• Exercise aim
Provide again, from the entries below, every line from the one containing "(indices are 0-based: index" through the one containing "(\<exists>i<k. \<exists>j<k. x", exactly as written, and no other line.

::: Data provided :::

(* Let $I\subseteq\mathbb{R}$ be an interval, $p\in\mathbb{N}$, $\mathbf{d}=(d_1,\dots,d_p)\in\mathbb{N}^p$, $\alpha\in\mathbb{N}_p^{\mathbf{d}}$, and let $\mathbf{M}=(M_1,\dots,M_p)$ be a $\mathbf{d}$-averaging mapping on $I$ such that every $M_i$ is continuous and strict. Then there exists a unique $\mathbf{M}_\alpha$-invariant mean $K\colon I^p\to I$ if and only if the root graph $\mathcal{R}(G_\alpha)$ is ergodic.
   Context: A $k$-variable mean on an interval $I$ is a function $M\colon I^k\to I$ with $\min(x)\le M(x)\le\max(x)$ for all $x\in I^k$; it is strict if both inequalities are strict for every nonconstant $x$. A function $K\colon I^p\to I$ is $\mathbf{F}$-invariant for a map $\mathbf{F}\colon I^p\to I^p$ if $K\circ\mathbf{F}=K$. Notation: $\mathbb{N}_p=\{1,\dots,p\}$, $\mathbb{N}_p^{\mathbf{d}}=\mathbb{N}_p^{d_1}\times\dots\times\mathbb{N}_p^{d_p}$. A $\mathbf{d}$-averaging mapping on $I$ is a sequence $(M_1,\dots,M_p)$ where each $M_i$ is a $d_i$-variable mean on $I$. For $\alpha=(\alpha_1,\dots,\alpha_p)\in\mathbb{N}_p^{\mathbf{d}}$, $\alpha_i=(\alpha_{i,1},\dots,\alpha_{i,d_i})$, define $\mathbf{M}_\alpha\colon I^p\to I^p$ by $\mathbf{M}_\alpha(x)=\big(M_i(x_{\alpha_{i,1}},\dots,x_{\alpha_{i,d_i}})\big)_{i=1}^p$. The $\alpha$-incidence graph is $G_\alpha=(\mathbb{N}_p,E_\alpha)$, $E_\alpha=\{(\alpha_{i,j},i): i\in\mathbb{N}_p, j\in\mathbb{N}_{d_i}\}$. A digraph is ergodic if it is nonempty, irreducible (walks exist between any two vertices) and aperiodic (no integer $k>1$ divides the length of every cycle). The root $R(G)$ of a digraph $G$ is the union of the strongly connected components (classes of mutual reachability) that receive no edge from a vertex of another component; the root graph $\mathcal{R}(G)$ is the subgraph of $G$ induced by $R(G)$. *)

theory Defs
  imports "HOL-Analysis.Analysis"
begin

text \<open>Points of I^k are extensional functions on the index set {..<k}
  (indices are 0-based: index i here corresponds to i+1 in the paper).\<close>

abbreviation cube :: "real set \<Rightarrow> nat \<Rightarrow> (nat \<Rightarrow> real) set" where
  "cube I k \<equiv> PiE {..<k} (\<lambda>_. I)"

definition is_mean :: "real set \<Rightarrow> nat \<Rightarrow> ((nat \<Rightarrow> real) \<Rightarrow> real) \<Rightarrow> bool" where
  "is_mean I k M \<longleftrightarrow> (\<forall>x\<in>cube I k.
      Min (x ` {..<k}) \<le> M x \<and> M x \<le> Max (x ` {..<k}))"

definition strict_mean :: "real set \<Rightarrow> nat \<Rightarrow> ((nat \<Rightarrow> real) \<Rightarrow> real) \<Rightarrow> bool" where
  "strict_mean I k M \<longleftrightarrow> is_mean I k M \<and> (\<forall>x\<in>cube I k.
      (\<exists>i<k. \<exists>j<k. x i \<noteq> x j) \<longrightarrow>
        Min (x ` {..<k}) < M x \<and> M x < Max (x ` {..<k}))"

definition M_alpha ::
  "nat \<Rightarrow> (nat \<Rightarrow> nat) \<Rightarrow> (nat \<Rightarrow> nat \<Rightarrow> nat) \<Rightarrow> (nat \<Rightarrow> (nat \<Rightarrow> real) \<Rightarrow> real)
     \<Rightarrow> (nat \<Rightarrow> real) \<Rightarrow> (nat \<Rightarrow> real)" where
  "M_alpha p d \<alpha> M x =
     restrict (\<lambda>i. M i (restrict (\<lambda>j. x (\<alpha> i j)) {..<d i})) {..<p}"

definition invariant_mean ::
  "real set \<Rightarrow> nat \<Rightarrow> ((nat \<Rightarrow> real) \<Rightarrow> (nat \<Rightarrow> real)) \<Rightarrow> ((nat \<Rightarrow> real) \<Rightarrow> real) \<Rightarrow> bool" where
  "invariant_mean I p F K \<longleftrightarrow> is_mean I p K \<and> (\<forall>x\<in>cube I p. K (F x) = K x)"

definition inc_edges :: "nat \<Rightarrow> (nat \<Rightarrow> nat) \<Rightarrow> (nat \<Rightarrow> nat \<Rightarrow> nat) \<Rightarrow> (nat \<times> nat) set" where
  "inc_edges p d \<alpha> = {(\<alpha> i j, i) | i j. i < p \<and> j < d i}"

:::

• Result for this task
  (indices are 0-based: index i here corresponds to i+1 in the paper).\<close>

abbreviation cube :: "real set \<Rightarrow> nat \<Rightarrow> (nat \<Rightarrow> real) set" where
  "cube I k \<equiv> PiE {..<k} (\<lambda>_. I)"

definition is_mean :: "real set \<Rightarrow> nat \<Rightarrow> ((nat \<Rightarrow> real) \<Rightarrow> real) \<Rightarrow> bool" where
  "is_mean I k M \<longleftrightarrow> (\<forall>x\<in>cube I k.
      Min (x ` {..<k}) \<le> M x \<and> M x \<le> Max (x ` {..<k}))"

definition strict_mean :: "real set \<Rightarrow> nat \<Rightarrow> ((nat \<Rightarrow> real) \<Rightarrow> real) \<Rightarrow> bool" where
  "strict_mean I k M \<longleftrightarrow> is_mean I k M \<and> (\<forall>x\<in>cube I k.
      (\<exists>i<k. \<exists>j<k. x i \<noteq> x j) \<longrightarrow>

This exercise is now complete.